━━━━━ Input data

(* Let $X\in\mathbb{R}^{n\times p}$ be a fixed design matrix with $X^\top X$ invertible, and $y=X\beta+\varepsilon$ with $\mathbb{E}\varepsilon=0$ and $\mathrm{Cov}(\varepsilon)=\gamma^2I_n$. Let $G$ be a compact group acting linearly on $\mathbb{R}^p$ (each $g$ an invertible $p\times p$ matrix) with Haar probability measure $\mathbb{Q}$, and assume $g^\top\beta=\beta$ for all $g\in G$. Define $\hat\beta_{\mathrm{ERM}}=(X^\top X)^{-1}X^\top y$, $\hat\beta_{\mathrm{aDIST}}=\mathbb{E}_{g\sim\mathbb{Q}}\big[((Xg^\top)^\top Xg^\top)^{-1}(Xg^\top)^\top y\big]$, $\hat\beta_{\mathrm{cERM}}=\arg\min_b\|y-Xb\|_2^2$ subject to $(g^\top-I_p)b=0$ for all $g\in G$, and let $r_{\mathrm{ERM}},r_{\mathrm{aDIST}},r_{\mathrm{cERM}}$ be their risks $\mathbb{E}\|\hat\beta-\beta\|_2^2$. Then: 1. With $v_j$ the orthonormal eigenvectors of $X^\top X$, $d_j^2$ the corresponding eigenvalues, and $\mathcal{G}=\mathbb{E}_{g\sim\mathbb{Q}}[g]$: $r_{\mathrm{ERM}}=\gamma^2\operatorname{tr}[(X^\top X)^{-1}]=\gamma^2\sum_{j=1}^pd_j^{-2}$ and $r_{\mathrm{aDIST}}=\gamma^2\sum_{j=1}^pd_j^{-2}\|\mathcal{G}^\top v_j\|_2^2$. 2. If $G$ acts orthogonally, then $r_{\mathrm{aDIST}}\le r_{\mathrm{ERM}}$. 3. If $G$ is the group of all permutations of the coordinates $\{1,\dots,p\}$, then $r_{\mathrm{aDIST}}=\gamma^2p^{-1}1_p^\top(X^\top X)^{-1}1_p$ and $r_{\mathrm{cERM}}=\gamma^2p\,(1_p^\top X^\top X1_p)^{-1}$; if furthermore $X^\top X=I_p$, then $r_{\mathrm{ERM}}=p\gamma^2$ and $r_{\mathrm{aDIST}}=r_{\mathrm{cERM}}=\gamma^2$.
   Context: $Xg^\top$ is the design matrix whose rows are $gx_i$, where $x_i^\top$ are the rows of $X$. $1_p$ is the all-ones vector in $\mathbb{R}^p$. *)

theory Defs
  imports "HOL-Probability.Probability"
begin

text \<open>Design matrix X :: real^'p^'n (n rows, p columns). Matrices act on column vectors via *v.\<close>

definition beta_ERM :: "real^'p^'n \<Rightarrow> real^'n \<Rightarrow> real^'p" where
  "beta_ERM X y = (matrix_inv (transpose X ** X) ** transpose X) *v y"

definition beta_aDIST :: "real^'p^'n \<Rightarrow> (real^'p^'p) measure \<Rightarrow> real^'n \<Rightarrow> real^'p" where
  "beta_aDIST X Q y =
     (\<integral>g. (matrix_inv (transpose (X ** transpose g) ** (X ** transpose g))
              ** transpose (X ** transpose g)) *v y \<partial>Q)"

definition invariant_subspace :: "(real^'p^'p) set \<Rightarrow> (real^'p) set" where
  "invariant_subspace G = {b. \<forall>g\<in>G. (transpose g - mat 1) *v b = 0}"

definition beta_cERM :: "real^'p^'n \<Rightarrow> (real^'p^'p) set \<Rightarrow> real^'n \<Rightarrow> real^'p" where
  "beta_cERM X G y = arg_min_on (\<lambda>b. (norm (y - X *v b))\<^sup>2) (invariant_subspace G)"

definition risk :: "'a measure \<Rightarrow> ('a \<Rightarrow> real^'p) \<Rightarrow> real^'p \<Rightarrow> real" where
  "risk M est \<beta> = (\<integral>\<omega>. (norm (est \<omega> - \<beta>))\<^sup>2 \<partial>M)"

definition compact_matrix_group :: "(real^'p^'p) set \<Rightarrow> bool" where
  "compact_matrix_group G \<longleftrightarrow> compact G \<and> mat 1 \<in> G \<and>
     (\<forall>g\<in>G. invertible g \<and> matrix_inv g \<in> G) \<and> (\<forall>g\<in>G. \<forall>h\<in>G. g ** h \<in> G)"

definition haar_probability :: "(real^'p^'p) measure \<Rightarrow> (real^'p^'p) set \<Rightarrow> bool" where
  "haar_probability Q G \<longleftrightarrow> prob_space Q \<and> space Q = G \<and>
     sets Q = sets (restrict_space borel G) \<and>
     (\<forall>g\<in>G. distr Q Q (\<lambda>h. g ** h) = Q)"

definition perm_matrices :: "(real^'p^'p) set" where
  "perm_matrices = {P. \<exists>\<sigma>. \<sigma> permutes (UNIV::'p set) \<and> P = (\<chi> i j. if i = \<sigma> j then 1 else 0)}"

definition ones :: "real^'p" where "ones = (\<chi> i. 1)"

end

theory Submission
  imports Defs
begin

(* Every estimation error is linear in the noise, beta_hat - beta = B eps. For ERM, B = (X^T X)^-1 X^T and B B^T = (X^T X)^-1.
   Replacing the design X by X g^T turns B into g^-T B; averaging over Q, invariance of the Haar
   measure makes the mean of g^-1 equal to the mean G of g, so aDIST has B = G^T B_ERM (and
   g^T beta = beta removes its bias). Both traces are evaluated in the eigenbasis of X^T X.
   For an orthogonal action G^T is an average of isometries, hence a contraction, which can only
   decrease the risk. For the permutation group G is the constant matrix with entries 1/p, and the
   invariant subspace is the line through 1_p, on which least squares is explicit. *)

lemma matrix_inv_right: "invertible (A::'a::semiring_1^'n^'n) \<Longrightarrow> A ** matrix_inv A = mat 1"
  unfolding invertible_def matrix_inv_def by (metis (mono_tags, lifting) someI_ex)

lemma matrix_inv_left: "invertible (A::'a::semiring_1^'n^'n) \<Longrightarrow> matrix_inv A ** A = mat 1"
  unfolding invertible_def matrix_inv_def by (metis (mono_tags, lifting) someI_ex)

lemma matrix_inv_unique:
  "invertible (A::'a::semiring_1^'n^'n) \<Longrightarrow> A ** B = mat 1 \<Longrightarrow> matrix_inv A = B"
  by (metis matrix_mul_assoc matrix_mul_lid matrix_mul_rid matrix_inv_left)

lemma invertible_matrix_inv: "invertible (A::'a::semiring_1^'n^'n) \<Longrightarrow> invertible (matrix_inv A)"
  using matrix_inv_left matrix_inv_right invertible_def by blast

lemma matrix_inv_matrix_inv: "invertible (A::'a::semiring_1^'n^'n) \<Longrightarrow> matrix_inv (matrix_inv A) = A"
  by (simp add: invertible_matrix_inv matrix_inv_left matrix_inv_unique)

lemma matrix_inv_mult:
  fixes A B :: "'a::semiring_1^'n^'n"
  assumes "invertible A" "invertible B"
  shows "matrix_inv (A ** B) = matrix_inv B ** matrix_inv A"
proof (rule matrix_inv_unique)
  show "invertible (A ** B)" using assms by (rule invertible_mult)
  show "A ** B ** (matrix_inv B ** matrix_inv A) = mat 1"
    using assms by (metis matrix_mul_assoc matrix_mul_rid matrix_inv_right)
qed

lemma matrix_inv_transpose:
  fixes A :: "real^'n^'n"
  assumes "invertible A"
  shows "matrix_inv (transpose A) = transpose (matrix_inv A)"
proof (rule matrix_inv_unique)
  show "invertible (transpose A)" using assms by (rule transpose_invertible)
  show "transpose A ** transpose (matrix_inv A) = mat 1"
    using assms by (metis matrix_transpose_mul matrix_inv_left transpose_mat)
qed

lemma matrix_inv_eigenvector:
  fixes K :: "real^'n^'n"
  assumes "invertible K" and eig: "K *v v = c *s v" and "v \<noteq> 0"
  shows "matrix_inv K *v v = (1 / c) *s v"
proof -
  have v: "v = c *s (matrix_inv K *v v)"
    by (metis assms(1) eig matrix_inv_left matrix_vector_mul_assoc matrix_vector_mul_lid
        vector_scalar_commute)
  then have "c \<noteq> 0" using \<open>v \<noteq> 0\<close> by auto
  then show ?thesis by (subst (2) v) (simp add: vec_eq_iff)
qed

lemma inner_matrix_vector_mult: "(x::real^'n) \<bullet> (A *v y) = (transpose A *v x) \<bullet> y"
  by (simp add: dot_lmul_matrix)

lemma trace_eq_sum_orthonormal:
  fixes v :: "'n \<Rightarrow> real^'n" and A :: "real^'n^'n"
  assumes "\<And>i j. v i \<bullet> v j = (if i = j then 1 else 0)"
  shows "trace A = (\<Sum>j\<in>UNIV. v j \<bullet> (A *v v j))"
proof -
  define V :: "real^'n^'n" where "V = (\<chi> i j. v j $ i)"
  have "transpose V ** V = mat 1"
    using assms by (simp add: V_def matrix_matrix_mult_def transpose_def mat_def inner_vec_def vec_eq_iff)
  then have VV: "V ** transpose V = mat 1" by (rule matrix_left_right_inverse1)
  have "trace A = trace ((A ** V) ** transpose V)" by (simp add: matrix_mul_assoc[symmetric] VV)
  also have "\<dots> = trace (transpose V ** (A ** V))" by (rule trace_mul_sym)
  also have "\<dots> = (\<Sum>j\<in>UNIV. v j \<bullet> (A *v v j))"
    by (simp add: trace_def V_def matrix_matrix_mult_def transpose_def inner_vec_def
        matrix_vector_mult_def sum_distrib_left mult_ac)
  finally show ?thesis .
qed

lemma trace_matrix_inv_eigenbasis:
  fixes K :: "real^'n^'n" and v :: "'n \<Rightarrow> real^'n"
  assumes K: "invertible K"
    and onb: "\<And>i j. v i \<bullet> v j = (if i = j then 1 else 0)"
    and eig: "\<And>j. K *v v j = c j *s v j"
  shows "trace (matrix_inv K) = (\<Sum>j\<in>UNIV. 1 / c j)"
proof -
  have "v j \<noteq> 0" for j using onb[of j j] by auto
  then show ?thesis
    by (simp add: trace_eq_sum_orthonormal[OF onb] matrix_inv_eigenvector[OF K eig] onb
        scalar_mult_eq_scaleR)
qed

lemma trace_conj_matrix_inv_eigenbasis:
  fixes K :: "real^'n^'n" and A :: "real^'n^'m" and v :: "'n \<Rightarrow> real^'n"
  assumes K: "invertible K" and sym: "transpose K = K"
    and onb: "\<And>i j. v i \<bullet> v j = (if i = j then 1 else 0)"
    and eig: "\<And>j. K *v v j = c j *s v j"
  shows "trace (A ** matrix_inv K ** transpose A) = (\<Sum>j\<in>UNIV. (norm (A *v v j))\<^sup>2 / c j)"
proof -
  have "trace (A ** matrix_inv K ** transpose A) = trace (matrix_inv K ** transpose A ** A)"
    by (metis matrix_mul_assoc trace_mul_sym)
  also have "\<dots> = (\<Sum>j\<in>UNIV. v j \<bullet> (matrix_inv K *v (transpose A *v (A *v v j))))"
    by (simp add: trace_eq_sum_orthonormal[OF onb] matrix_vector_mul_assoc matrix_mul_assoc)
  also have "\<dots> = (\<Sum>j\<in>UNIV. (norm (A *v v j))\<^sup>2 / c j)"
  proof (rule sum.cong[OF refl])
    fix j
    have "v j \<noteq> 0" using onb[of j j] by auto
    then have Kinv_v: "matrix_inv K *v v j = (1 / c j) *s v j"
      using K eig by (rule matrix_inv_eigenvector[rotated 2])
    have "v j \<bullet> (matrix_inv K *v (transpose A *v (A *v v j)))
        = (matrix_inv K *v v j) \<bullet> (transpose A *v (A *v v j))"
      by (metis K inner_matrix_vector_mult matrix_inv_transpose sym)
    also have "\<dots> = (1 / c j) * ((A *v v j) \<bullet> (A *v v j))"
      unfolding Kinv_v scalar_mult_eq_scaleR inner_scaleR_left
      by (metis inner_matrix_vector_mult transpose_transpose)
    finally show "v j \<bullet> (matrix_inv K *v (transpose A *v (A *v v j))) = (norm (A *v v j))\<^sup>2 / c j"
      by (simp add: power2_norm_eq_inner)
  qed
  finally show ?thesis .
qed

lemma arg_min_on_eqI:
  fixes f :: "'a \<Rightarrow> 'b::linorder"
  assumes "x \<in> S" and "\<And>y. y \<in> S \<Longrightarrow> y \<noteq> x \<Longrightarrow> f x < f y"
  shows "arg_min_on f S = x"
  unfolding arg_min_on_def arg_min_def is_arg_min_def
  using assms by (intro some_equality) (metis less_asym, metis)

lemma norm_sq_diff_scaled_projection:
  fixes y u :: "real^'n"
  assumes "u \<noteq> 0" and s: "s = (u \<bullet> y) / (u \<bullet> u)"
  shows "(norm (y - t *s u))\<^sup>2 = (norm (y - s *s u))\<^sup>2 + (t - s)\<^sup>2 * (u \<bullet> u)"
proof -
  have "s * (u \<bullet> u) = u \<bullet> y" using assms by simp
  then show ?thesis
    unfolding power2_norm_eq_inner scalar_mult_eq_scaleR
    by (simp add: power2_eq_square inner_commute algebra_simps)
qed

lemma norm_sq_matrix_vector_mult:
  fixes B :: "real^'n^'m"
  shows "(norm (B *v x))\<^sup>2 = (\<Sum>i\<in>UNIV. \<Sum>k\<in>UNIV. \<Sum>l\<in>UNIV. (B$i$k * B$i$l) * (x $ k * x $ l))"
  by (simp add: power2_norm_eq_inner inner_vec_def matrix_vector_mult_def sum_product mult_ac)

locale white_noise =
  fixes M :: "'a measure" and \<epsilon> :: "'a \<Rightarrow> real^'n" and \<gamma> :: real
  assumes integrable_noise_product: "\<And>i j. integrable M (\<lambda>\<omega>. \<epsilon> \<omega> $ i * \<epsilon> \<omega> $ j)"
    and noise_covariance: "\<And>i j. (\<integral>\<omega>. \<epsilon> \<omega> $ i * \<epsilon> \<omega> $ j \<partial>M) = (if i = j then \<gamma>\<^sup>2 else 0)"
begin

lemma integrable_norm_sq_matrix_mult_noise: "integrable M (\<lambda>\<omega>. (norm (B *v \<epsilon> \<omega>))\<^sup>2)"
  unfolding norm_sq_matrix_vector_mult by (simp add: integrable_noise_product)

lemma integral_norm_sq_matrix_mult_noise:
  "(\<integral>\<omega>. (norm (B *v \<epsilon> \<omega>))\<^sup>2 \<partial>M) = \<gamma>\<^sup>2 * trace (B ** transpose B)"
proof -
  have "(\<integral>\<omega>. (norm (B *v \<epsilon> \<omega>))\<^sup>2 \<partial>M) =
      (\<Sum>i\<in>UNIV. \<Sum>k\<in>UNIV. \<Sum>l\<in>UNIV. (B$i$k * B$i$l) * (\<integral>\<omega>. \<epsilon> \<omega> $ k * \<epsilon> \<omega> $ l \<partial>M))"
    unfolding norm_sq_matrix_vector_mult by (simp add: integrable_noise_product)
  also have "\<dots> = \<gamma>\<^sup>2 * trace (B ** transpose B)"
    by (simp add: noise_covariance trace_def matrix_matrix_mult_def transpose_def if_distrib
        sum_distrib_left mult_ac cong: if_cong)
  finally show ?thesis .
qed

lemma risk_linear_error:
  assumes "\<And>\<omega>. est \<omega> - \<beta> = B *v \<epsilon> \<omega>"
  shows "risk M est \<beta> = \<gamma>\<^sup>2 * trace (B ** transpose B)"
  unfolding risk_def assms by (rule integral_norm_sq_matrix_mult_noise)

lemma risk_linear_error_contraction_le:
  assumes "\<And>\<omega>. est \<omega> - \<beta> = B *v \<epsilon> \<omega>" and "\<And>\<omega>. est' \<omega> - \<beta> = (A ** B) *v \<epsilon> \<omega>"
    and contraction: "\<And>u. norm (A *v u) \<le> norm u"
  shows "risk M est' \<beta> \<le> risk M est \<beta>"
  unfolding risk_def assms
proof (rule integral_mono[OF integrable_norm_sq_matrix_mult_noise integrable_norm_sq_matrix_mult_noise])
  show "(norm ((A ** B) *v \<epsilon> \<omega>))\<^sup>2 \<le> (norm (B *v \<epsilon> \<omega>))\<^sup>2" for \<omega>
    unfolding matrix_vector_mul_assoc[symmetric] by (rule power_mono[OF contraction norm_ge_zero])
qed

end

definition ols_matrix :: "real^'p^'n \<Rightarrow> real^'n^'p" where
  "ols_matrix X = matrix_inv (transpose X ** X) ** transpose X"

lemma ols_matrix_mult_design:
  "invertible (transpose X ** X) \<Longrightarrow> ols_matrix X ** X = mat 1"
  by (simp add: ols_matrix_def matrix_inv_left flip: matrix_mul_assoc)

lemma ols_matrix_mult_transpose:
  assumes "invertible (transpose X ** X)"
  shows "ols_matrix X ** transpose (ols_matrix X) = matrix_inv (transpose X ** X)"
proof -
  let ?S = "matrix_inv (transpose X ** X)"
  have sym: "transpose ?S = ?S"
    by (metis assms matrix_inv_transpose matrix_transpose_mul transpose_transpose)
  have "ols_matrix X ** transpose (ols_matrix X) = ?S ** (transpose X ** X) ** transpose ?S"
    by (simp add: ols_matrix_def matrix_transpose_mul matrix_mul_assoc)
  also have "\<dots> = ?S" by (simp add: matrix_inv_left[OF assms] sym)
  finally show ?thesis .
qed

━━━━━━━━━━

• _Task prompt_
Only those lines of the entries above that run from the line containing "B) = matrix_inv" to the line containing "vector_scalar_commute)", both included, should be transcribed exactly.

• _Result of the task_
  shows "matrix_inv (A ** B) = matrix_inv B ** matrix_inv A"
proof (rule matrix_inv_unique)
  show "invertible (A ** B)" using assms by (rule invertible_mult)
  show "A ** B ** (matrix_inv B ** matrix_inv A) = mat 1"
    using assms by (metis matrix_mul_assoc matrix_mul_rid matrix_inv_right)
qed

lemma matrix_inv_transpose:
  fixes A :: "real^'n^'n"
  assumes "invertible A"
  shows "matrix_inv (transpose A) = transpose (matrix_inv A)"
proof (rule matrix_inv_unique)
  show "invertible (transpose A)" using assms by (rule transpose_invertible)
  show "transpose A ** transpose (matrix_inv A) = mat 1"
    using assms by (metis matrix_transpose_mul matrix_inv_left transpose_mat)
qed

lemma matrix_inv_eigenvector:
  fixes K :: "real^'n^'n"
  assumes "invertible K" and eig: "K *v v = c *s v" and "v \<noteq> 0"
  shows "matrix_inv K *v v = (1 / c) *s v"
proof -
  have v: "v = c *s (matrix_inv K *v v)"
    by (metis assms(1) eig matrix_inv_left matrix_vector_mul_assoc matrix_vector_mul_lid
        vector_scalar_commute)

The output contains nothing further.